• **Description of the task**
Only lines that contain the word "else" are to be returned from the data below.

• **Material for this task**

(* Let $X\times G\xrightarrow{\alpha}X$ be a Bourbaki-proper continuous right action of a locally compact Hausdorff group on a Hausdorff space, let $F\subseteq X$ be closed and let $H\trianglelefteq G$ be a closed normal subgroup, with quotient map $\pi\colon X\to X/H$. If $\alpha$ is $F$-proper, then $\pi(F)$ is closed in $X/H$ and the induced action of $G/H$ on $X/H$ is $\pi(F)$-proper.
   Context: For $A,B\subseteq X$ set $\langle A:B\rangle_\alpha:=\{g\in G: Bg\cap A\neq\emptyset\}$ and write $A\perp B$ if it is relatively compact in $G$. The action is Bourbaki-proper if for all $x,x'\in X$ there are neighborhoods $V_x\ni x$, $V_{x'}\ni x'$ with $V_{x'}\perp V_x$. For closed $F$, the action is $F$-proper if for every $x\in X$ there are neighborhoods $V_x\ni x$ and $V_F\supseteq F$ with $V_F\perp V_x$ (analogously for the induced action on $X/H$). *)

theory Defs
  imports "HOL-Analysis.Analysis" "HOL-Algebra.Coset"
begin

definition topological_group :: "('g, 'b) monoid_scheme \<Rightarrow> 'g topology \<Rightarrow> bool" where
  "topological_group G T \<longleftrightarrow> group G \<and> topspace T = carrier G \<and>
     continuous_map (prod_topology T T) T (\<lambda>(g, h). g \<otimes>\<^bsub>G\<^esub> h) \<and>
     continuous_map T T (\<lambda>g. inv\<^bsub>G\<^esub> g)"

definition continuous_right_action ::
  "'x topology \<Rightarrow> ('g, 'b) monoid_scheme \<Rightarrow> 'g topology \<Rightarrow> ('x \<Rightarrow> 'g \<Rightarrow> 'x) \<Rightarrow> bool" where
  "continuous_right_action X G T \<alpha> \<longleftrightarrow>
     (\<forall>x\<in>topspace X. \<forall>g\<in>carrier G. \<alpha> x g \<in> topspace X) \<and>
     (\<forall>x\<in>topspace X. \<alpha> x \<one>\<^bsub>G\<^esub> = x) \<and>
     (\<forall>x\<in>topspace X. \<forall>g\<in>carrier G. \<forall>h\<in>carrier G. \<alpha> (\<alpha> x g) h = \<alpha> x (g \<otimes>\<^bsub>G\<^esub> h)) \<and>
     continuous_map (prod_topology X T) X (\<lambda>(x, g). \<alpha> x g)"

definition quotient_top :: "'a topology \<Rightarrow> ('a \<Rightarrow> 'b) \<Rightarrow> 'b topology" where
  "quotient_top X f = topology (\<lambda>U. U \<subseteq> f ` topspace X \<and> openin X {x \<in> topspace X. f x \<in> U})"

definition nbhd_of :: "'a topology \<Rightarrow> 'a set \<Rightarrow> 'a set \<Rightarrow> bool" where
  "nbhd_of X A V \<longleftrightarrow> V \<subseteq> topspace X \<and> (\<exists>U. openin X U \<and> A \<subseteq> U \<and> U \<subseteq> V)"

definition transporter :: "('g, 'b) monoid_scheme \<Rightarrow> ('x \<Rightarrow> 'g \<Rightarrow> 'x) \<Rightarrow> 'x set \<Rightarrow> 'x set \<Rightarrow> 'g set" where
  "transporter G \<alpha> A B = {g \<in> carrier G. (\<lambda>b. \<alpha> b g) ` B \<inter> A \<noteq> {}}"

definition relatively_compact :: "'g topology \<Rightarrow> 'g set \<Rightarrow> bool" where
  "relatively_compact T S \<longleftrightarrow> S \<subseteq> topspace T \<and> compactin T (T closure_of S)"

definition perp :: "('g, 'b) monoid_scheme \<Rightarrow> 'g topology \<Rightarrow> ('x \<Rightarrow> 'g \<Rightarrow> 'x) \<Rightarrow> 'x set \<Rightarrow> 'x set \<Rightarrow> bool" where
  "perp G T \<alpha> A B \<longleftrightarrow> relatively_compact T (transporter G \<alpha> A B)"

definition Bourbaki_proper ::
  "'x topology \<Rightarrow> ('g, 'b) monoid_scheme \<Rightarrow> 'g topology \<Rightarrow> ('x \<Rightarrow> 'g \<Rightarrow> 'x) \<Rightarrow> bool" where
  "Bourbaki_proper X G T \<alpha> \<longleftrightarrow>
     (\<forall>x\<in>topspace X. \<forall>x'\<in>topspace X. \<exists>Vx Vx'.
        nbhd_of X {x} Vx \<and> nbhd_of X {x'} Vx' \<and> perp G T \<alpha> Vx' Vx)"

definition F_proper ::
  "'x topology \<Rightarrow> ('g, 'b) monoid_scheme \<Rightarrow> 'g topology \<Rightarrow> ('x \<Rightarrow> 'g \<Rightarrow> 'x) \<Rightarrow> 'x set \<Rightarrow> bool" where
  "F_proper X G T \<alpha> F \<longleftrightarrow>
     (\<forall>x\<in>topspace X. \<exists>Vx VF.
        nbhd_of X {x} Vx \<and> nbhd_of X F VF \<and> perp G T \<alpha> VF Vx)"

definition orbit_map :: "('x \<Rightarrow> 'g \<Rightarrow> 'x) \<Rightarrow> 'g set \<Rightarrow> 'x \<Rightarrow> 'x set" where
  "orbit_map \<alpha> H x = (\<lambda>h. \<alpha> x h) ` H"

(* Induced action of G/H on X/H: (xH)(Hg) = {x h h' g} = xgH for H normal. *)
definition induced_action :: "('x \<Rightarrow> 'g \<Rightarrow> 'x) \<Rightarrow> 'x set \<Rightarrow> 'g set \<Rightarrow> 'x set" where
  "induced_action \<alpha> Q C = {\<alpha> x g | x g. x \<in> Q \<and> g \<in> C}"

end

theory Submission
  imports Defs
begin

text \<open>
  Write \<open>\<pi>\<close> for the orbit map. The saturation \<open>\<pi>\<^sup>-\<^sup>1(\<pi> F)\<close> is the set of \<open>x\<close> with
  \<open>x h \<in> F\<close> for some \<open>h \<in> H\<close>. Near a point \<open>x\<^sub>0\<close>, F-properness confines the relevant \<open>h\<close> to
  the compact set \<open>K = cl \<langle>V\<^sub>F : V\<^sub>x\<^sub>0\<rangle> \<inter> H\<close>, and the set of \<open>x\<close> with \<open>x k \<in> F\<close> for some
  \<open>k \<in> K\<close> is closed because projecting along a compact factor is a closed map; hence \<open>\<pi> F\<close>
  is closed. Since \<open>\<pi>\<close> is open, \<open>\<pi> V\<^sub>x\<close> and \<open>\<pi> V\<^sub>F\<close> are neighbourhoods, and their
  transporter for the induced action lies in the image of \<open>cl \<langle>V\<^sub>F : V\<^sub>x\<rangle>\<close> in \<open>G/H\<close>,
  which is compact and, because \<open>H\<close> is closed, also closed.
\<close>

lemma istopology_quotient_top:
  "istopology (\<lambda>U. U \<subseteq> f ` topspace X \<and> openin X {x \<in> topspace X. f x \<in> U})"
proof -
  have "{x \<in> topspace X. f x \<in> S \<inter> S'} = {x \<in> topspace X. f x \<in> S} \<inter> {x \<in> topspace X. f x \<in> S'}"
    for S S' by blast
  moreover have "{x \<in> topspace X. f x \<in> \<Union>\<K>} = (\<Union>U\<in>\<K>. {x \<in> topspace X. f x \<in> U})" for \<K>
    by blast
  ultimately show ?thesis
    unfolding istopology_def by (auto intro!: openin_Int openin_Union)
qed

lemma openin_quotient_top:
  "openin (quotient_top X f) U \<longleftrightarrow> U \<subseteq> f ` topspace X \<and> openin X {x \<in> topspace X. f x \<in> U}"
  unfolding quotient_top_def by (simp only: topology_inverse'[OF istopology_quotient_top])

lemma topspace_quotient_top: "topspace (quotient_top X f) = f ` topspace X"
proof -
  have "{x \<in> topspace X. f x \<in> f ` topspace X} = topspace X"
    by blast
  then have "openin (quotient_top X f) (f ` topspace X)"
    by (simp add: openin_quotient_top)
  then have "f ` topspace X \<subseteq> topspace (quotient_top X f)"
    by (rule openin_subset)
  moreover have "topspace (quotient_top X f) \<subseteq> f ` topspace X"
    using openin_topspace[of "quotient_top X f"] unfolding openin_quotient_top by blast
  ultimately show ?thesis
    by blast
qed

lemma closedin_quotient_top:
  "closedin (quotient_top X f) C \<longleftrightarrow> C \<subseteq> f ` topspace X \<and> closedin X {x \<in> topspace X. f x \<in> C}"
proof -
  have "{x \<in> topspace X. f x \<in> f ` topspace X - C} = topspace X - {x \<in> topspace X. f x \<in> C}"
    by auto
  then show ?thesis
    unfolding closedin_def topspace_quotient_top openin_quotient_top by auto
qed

==

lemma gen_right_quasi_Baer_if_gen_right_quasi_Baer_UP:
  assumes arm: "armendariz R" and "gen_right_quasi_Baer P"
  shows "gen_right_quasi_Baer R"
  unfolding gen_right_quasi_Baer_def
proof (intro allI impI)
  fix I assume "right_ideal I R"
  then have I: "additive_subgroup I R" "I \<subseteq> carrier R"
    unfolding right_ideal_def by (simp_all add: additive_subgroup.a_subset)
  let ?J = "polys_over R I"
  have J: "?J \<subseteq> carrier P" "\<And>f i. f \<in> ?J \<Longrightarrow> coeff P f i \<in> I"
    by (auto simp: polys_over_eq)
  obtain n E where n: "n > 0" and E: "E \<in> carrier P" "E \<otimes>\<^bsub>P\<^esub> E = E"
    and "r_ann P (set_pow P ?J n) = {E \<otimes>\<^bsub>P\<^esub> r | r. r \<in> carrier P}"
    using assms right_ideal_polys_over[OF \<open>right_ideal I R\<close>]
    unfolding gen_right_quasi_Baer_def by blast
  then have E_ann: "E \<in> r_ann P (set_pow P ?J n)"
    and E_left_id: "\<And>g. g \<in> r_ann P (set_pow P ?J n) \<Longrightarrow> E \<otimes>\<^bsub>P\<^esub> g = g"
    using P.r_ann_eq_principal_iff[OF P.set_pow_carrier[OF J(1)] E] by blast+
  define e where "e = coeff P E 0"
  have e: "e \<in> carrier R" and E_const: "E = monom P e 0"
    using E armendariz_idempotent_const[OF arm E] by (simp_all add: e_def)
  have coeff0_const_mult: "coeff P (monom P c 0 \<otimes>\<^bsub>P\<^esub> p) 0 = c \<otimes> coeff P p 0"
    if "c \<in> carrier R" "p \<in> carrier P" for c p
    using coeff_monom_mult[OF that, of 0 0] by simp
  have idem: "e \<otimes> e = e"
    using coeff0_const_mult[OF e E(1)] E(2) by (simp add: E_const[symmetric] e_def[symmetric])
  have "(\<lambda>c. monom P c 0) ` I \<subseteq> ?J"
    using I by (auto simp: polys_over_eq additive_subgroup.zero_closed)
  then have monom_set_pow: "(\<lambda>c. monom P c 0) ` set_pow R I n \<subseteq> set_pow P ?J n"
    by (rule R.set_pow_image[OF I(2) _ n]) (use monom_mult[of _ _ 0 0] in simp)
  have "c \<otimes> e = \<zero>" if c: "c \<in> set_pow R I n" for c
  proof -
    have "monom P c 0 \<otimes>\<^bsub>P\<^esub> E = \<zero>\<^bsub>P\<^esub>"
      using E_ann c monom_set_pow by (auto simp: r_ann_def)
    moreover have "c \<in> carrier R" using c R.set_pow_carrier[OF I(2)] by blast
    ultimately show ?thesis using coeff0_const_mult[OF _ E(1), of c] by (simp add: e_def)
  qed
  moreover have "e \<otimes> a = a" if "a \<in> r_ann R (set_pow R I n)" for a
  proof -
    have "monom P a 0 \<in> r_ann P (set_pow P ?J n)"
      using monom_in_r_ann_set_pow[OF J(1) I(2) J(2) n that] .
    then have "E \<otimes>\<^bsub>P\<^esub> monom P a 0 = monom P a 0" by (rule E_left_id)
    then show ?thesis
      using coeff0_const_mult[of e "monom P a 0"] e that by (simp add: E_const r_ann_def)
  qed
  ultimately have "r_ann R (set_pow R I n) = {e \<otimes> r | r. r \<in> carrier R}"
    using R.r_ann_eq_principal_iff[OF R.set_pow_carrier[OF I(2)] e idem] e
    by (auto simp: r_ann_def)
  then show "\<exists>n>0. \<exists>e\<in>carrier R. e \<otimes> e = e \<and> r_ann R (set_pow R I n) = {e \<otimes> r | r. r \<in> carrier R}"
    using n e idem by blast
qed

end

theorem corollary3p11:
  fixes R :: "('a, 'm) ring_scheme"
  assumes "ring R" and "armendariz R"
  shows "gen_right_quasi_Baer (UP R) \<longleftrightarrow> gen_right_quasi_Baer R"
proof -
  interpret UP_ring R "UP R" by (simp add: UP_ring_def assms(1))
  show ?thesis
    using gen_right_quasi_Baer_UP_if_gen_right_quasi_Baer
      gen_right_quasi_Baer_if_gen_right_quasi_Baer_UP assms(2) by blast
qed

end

---

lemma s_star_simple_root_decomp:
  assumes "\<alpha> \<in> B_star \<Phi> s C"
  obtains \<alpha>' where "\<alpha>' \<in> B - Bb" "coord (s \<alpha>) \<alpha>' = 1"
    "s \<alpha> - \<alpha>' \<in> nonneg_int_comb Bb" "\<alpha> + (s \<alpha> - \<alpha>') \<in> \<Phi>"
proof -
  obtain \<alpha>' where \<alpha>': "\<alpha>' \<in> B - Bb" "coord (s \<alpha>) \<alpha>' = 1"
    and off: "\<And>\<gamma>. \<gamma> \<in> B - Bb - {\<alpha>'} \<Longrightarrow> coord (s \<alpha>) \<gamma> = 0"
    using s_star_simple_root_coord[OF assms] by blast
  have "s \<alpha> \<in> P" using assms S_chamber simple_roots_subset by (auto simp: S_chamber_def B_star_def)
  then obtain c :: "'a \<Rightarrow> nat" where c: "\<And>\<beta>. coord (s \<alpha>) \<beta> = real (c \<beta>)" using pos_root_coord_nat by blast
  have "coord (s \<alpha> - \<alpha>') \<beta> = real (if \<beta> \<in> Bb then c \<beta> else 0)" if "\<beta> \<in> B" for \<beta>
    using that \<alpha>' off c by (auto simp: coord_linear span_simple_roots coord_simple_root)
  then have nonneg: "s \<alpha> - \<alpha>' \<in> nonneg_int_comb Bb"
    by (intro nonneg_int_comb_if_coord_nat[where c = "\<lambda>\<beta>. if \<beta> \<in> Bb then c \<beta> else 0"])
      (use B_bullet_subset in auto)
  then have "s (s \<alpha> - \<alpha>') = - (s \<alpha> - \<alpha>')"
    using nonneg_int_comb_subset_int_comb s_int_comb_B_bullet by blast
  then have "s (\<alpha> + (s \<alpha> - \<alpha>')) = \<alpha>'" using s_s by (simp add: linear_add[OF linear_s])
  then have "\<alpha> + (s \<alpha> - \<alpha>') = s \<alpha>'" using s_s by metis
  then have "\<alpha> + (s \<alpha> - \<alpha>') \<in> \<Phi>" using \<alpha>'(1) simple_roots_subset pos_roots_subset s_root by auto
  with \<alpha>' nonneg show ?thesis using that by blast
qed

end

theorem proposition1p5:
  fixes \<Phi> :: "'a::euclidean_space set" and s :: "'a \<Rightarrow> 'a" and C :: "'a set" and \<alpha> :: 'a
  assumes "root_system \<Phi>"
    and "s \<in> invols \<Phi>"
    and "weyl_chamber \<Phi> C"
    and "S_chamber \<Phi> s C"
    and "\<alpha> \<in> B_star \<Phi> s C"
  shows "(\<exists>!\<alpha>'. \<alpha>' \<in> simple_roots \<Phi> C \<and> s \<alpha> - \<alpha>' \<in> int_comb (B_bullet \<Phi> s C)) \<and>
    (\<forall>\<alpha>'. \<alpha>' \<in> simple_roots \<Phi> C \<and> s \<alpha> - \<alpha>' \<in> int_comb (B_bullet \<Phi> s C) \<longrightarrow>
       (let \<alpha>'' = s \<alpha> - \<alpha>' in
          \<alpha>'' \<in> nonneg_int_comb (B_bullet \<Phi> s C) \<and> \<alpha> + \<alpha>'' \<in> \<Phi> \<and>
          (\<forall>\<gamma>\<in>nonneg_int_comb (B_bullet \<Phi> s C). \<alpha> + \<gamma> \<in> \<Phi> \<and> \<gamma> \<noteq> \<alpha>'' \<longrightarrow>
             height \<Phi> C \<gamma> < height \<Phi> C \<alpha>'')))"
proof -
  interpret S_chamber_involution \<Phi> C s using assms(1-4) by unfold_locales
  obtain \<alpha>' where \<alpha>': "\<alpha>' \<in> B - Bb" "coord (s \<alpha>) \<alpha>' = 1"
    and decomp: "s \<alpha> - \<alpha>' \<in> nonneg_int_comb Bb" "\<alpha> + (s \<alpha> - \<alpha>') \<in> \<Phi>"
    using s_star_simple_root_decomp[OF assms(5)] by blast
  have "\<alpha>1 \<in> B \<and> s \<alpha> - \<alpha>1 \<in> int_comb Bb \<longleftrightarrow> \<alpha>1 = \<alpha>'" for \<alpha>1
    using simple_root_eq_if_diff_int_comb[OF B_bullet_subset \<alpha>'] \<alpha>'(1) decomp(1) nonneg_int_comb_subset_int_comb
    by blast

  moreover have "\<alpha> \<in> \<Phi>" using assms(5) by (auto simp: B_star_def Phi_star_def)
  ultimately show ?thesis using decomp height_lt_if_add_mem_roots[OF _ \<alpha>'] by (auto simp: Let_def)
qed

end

• **Result of this task**
  have "coord (s \<alpha> - \<alpha>') \<beta> = real (if \<beta> \<in> Bb then c \<beta> else 0)" if "\<beta> \<in> B" for \<beta>
    by (intro nonneg_int_comb_if_coord_nat[where c = "\<lambda>\<beta>. if \<beta> \<in> Bb then c \<beta> else 0"])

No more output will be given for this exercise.